The man had by this time recovered sufficiently to understand what was required of him. Jack’s manner was reassuring, and he came out of his half panic so as to make quite a civil reply to the questions asked.

So they learned that the sloop had been known as the Cicade, which Jack knew to mean a locust and that her home port was in the Bahamas, hot-bed of the smuggler league, Bimini, in fact, being its chief port of departure.

“What’re we goin’ to do with this chap?” Perk was asking. “We don’t want him to give us the slip, since he’s the on’y prisoner we got, do we, partner?”

“I reckon not, brother, and to make certain that doesn’t happen we’ll have to tie him up or fasten him to the mast here while we finish looking around. I hope to run across the ship’s papers, if they’ve got any such things aboard.”

“Leave that to me, Jack, I’m some punkins when it comes to splicin’ up a prisoner o’ war, so he can’t break away.” Perk proved himself a man of his word by securing a piece of rope, wrapping it several times around the ankles of the seaman, and finishing with a succession of hard knots such as would require the services of a sharp knife blade when it came time to liberate the captive.

The man was a pretty tough looking customer, thanks to the treatment he had met with in the merry time the rival parties had had aboard the sloop, but at least he knew when he was well off and something in Jack’s manner as well as his voice told him these strangers would go easy him if only he gave them as little trouble as possible.

So once again the pair set out to finish their exploration of the object of their latest “strafing” feat when a battle had been brought to an abrupt close with all hands in full flight simply by a dextrous movement of Perk’s arm and the tossing of a couple of innocent looking tear-bombs into the midst of the warring factions.

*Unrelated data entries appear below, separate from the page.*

(* There exists a constant $c>0$ such that for every integer $k\geq 2$ and every graph $G$ with $\operatorname{tw}(G)\geq ck^4\log^{5/2}(k)$, we have $\operatorname{tw}(G\times K_2)\geq k$.
   Context: $\operatorname{tw}$ denotes treewidth. The direct product $G \times H$ has vertex set $V(G)\times V(H)$, with $(a,v)(b,u)$ an edge iff $ab\in E(G)$ and $uv\in E(H)$; $K_2$ is the graph with two adjacent vertices. *)

theory Defs
  imports Complex_Main
begin

type_synonym 'a graph = "'a set \<times> ('a \<times> 'a) set"

definition verts :: "'a graph \<Rightarrow> 'a set" where "verts G = fst G"
definition edges :: "'a graph \<Rightarrow> ('a \<times> 'a) set" where "edges G = snd G"

definition is_graph :: "'a graph \<Rightarrow> bool" where
  "is_graph G \<longleftrightarrow> finite (verts G) \<and> edges G \<subseteq> verts G \<times> verts G
     \<and> (\<forall>x y. (x, y) \<in> edges G \<longrightarrow> (y, x) \<in> edges G)
     \<and> (\<forall>x. (x, x) \<notin> edges G)"

definition connected_in :: "'a graph \<Rightarrow> 'a set \<Rightarrow> bool" where
  "connected_in G S \<longleftrightarrow> (\<forall>x\<in>S. \<forall>y\<in>S. (x, y) \<in> (edges G \<inter> (S \<times> S))\<^sup>*)"

definition is_cycle :: "'a graph \<Rightarrow> 'a list \<Rightarrow> bool" where
  "is_cycle G vs \<longleftrightarrow> length vs \<ge> 3 \<and> distinct vs \<and> set vs \<subseteq> verts G
     \<and> (\<forall>i < length vs - 1. (vs ! i, vs ! Suc i) \<in> edges G)
     \<and> (last vs, hd vs) \<in> edges G"

definition is_tree :: "'a graph \<Rightarrow> bool" where
  "is_tree T \<longleftrightarrow> is_graph T \<and> verts T \<noteq> {} \<and> connected_in T (verts T)
     \<and> (\<nexists>vs. is_cycle T vs)"

definition tree_decomposition :: "'a graph \<Rightarrow> nat graph \<Rightarrow> (nat \<Rightarrow> 'a set) \<Rightarrow> bool" where
  "tree_decomposition G T B \<longleftrightarrow> is_tree T
     \<and> (\<forall>t\<in>verts T. B t \<subseteq> verts G)
     \<and> (\<forall>v\<in>verts G. \<exists>t\<in>verts T. v \<in> B t)
     \<and> (\<forall>(u, v)\<in>edges G. \<exists>t\<in>verts T. u \<in> B t \<and> v \<in> B t)
     \<and> (\<forall>v\<in>verts G. connected_in T {t\<in>verts T. v \<in> B t})"

definition decomp_width :: "nat graph \<Rightarrow> (nat \<Rightarrow> 'a set) \<Rightarrow> nat" where
  "decomp_width T B = Max ((\<lambda>t. card (B t)) ` verts T) - 1"

definition treewidth :: "'a graph \<Rightarrow> nat" where
  "treewidth G = (LEAST w. \<exists>T B. tree_decomposition G T B \<and> decomp_width T B = w)"

definition direct_product :: "'a graph \<Rightarrow> 'b graph \<Rightarrow> ('a \<times> 'b) graph" where
  "direct_product G H = (verts G \<times> verts H,
     {((a, v), (b, u)). (a, b) \<in> edges G \<and> (v, u) \<in> edges H})"

definition K2 :: "bool graph" where
  "K2 = (UNIV, {(x, y). x \<noteq> y})"

end

(*
  The proof gives a linear bound, tw(G) \<le> 8 tw(G \<times> K2) + 8, via balanced separators.  Every tree
  decomposition has a bag separating any weight set W in a balanced way, and conversely balanced
  separators of size s yield a decomposition with bags of size 4s + 1 by the usual recursion.  A
  balanced separator of G comes from two bags of a decomposition of the double cover G \<times> K2, projected
  to G: the first bag balances W \<times> {False}; if its projection fails to balance W, the heavy component
  C of the remainder has a disconnected lift, so C is bipartite and embeds into G \<times> K2 via a
  2-colouring, and a bag balancing the embedded copy of W \<inter> C supplies the rest of the separator.
*)

theory Submission
  imports Defs
begin

section \<open>Graphs, walks and components\<close>

lemma verts_pair [simp]: "verts (V, E) = V" and edges_pair [simp]: "edges (V, E) = E"
  by (simp_all add: verts_def edges_def)

lemma graph_eta: "(verts G, edges G) = G"
  by (simp add: verts_def edges_def)

lemma is_graph_iff:
  "is_graph G \<longleftrightarrow> finite (verts G) \<and> edges G \<subseteq> verts G \<times> verts G \<and> sym (edges G)
     \<and> (\<forall>x. (x, x) \<notin> edges G)"
  unfolding is_graph_def sym_def by blast

lemma is_graph_edgeD: "is_graph G \<Longrightarrow> (x, y) \<in> edges G \<Longrightarrow> x \<in> verts G \<and> y \<in> verts G"
  unfolding is_graph_def by blast

lemma is_graph_sym: "is_graph G \<Longrightarrow> sym (edges G)"
  unfolding is_graph_def sym_def by blast

lemma is_graph_irrefl: "is_graph G \<Longrightarrow> (x, x) \<notin> edges G"
  unfolding is_graph_def by blast

lemma rtrancl_restrict_mono:
  "(x, y) \<in> (E \<inter> S \<times> S)\<^sup>* \<Longrightarrow> S \<subseteq> S' \<Longrightarrow> E \<subseteq> E' \<Longrightarrow> (x, y) \<in> (E' \<inter> S' \<times> S')\<^sup>*"
  by (erule rtrancl_mono[THEN subsetD, rotated]) auto

lemma rtrancl_restrict_sym:
  assumes "sym E" "(x, y) \<in> (E \<inter> S \<times> S)\<^sup>*"
  shows "(y, x) \<in> (E \<inter> S \<times> S)\<^sup>*"
proof -
  have "sym (E \<inter> S \<times> S)" using assms(1) by (auto simp: sym_def)
  then show ?thesis using assms(2) by (meson sym_rtrancl symD)
qed

lemma rtrancl_restrict_in: "(x, y) \<in> (E \<inter> S \<times> S)\<^sup>* \<Longrightarrow> x \<in> S \<Longrightarrow> y \<in> S"
  by (induction rule: rtrancl_induct) auto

This time it was Jack who made the discovery. Perk saw him step over, while they were still on deck, and lift a ragged tarpaulin that seemed to cover some bulky object toward the stern of the sloop. After that one look Jack gave the well-worn covering a hitch and a toss that sent it flying revealing something that caused Perk’s eyes to stick out with astonishment, not mentioning a sudden spasm of delight.

“Wow! what’s this I’m seein’ partner?” he yelped joyously. “A reg’lar engine or I’m a crocodile from the Nile! Why, this must be what they call an auxiliary craft, fitted to use canvas or hoss power, whichever fills the bill best. You c’n ditch me if this ain’t what I’ll call luck. An’ heaps of it.”

“I had a sneaking suspicion we’d run across something like this,” confessed Jack, who nevertheless seemed just as well pleased as his comrade over the find. “It’s taking too big a chance to ship a cargo as rich as this one in a tub like this with only rotten sails to speed the craft if she happened to run afoul of a revenue cutter or one of those new sub-chasers the Coast Guard’s been fitted out with. And now the problem’s been solved, just as we hoped it would be.”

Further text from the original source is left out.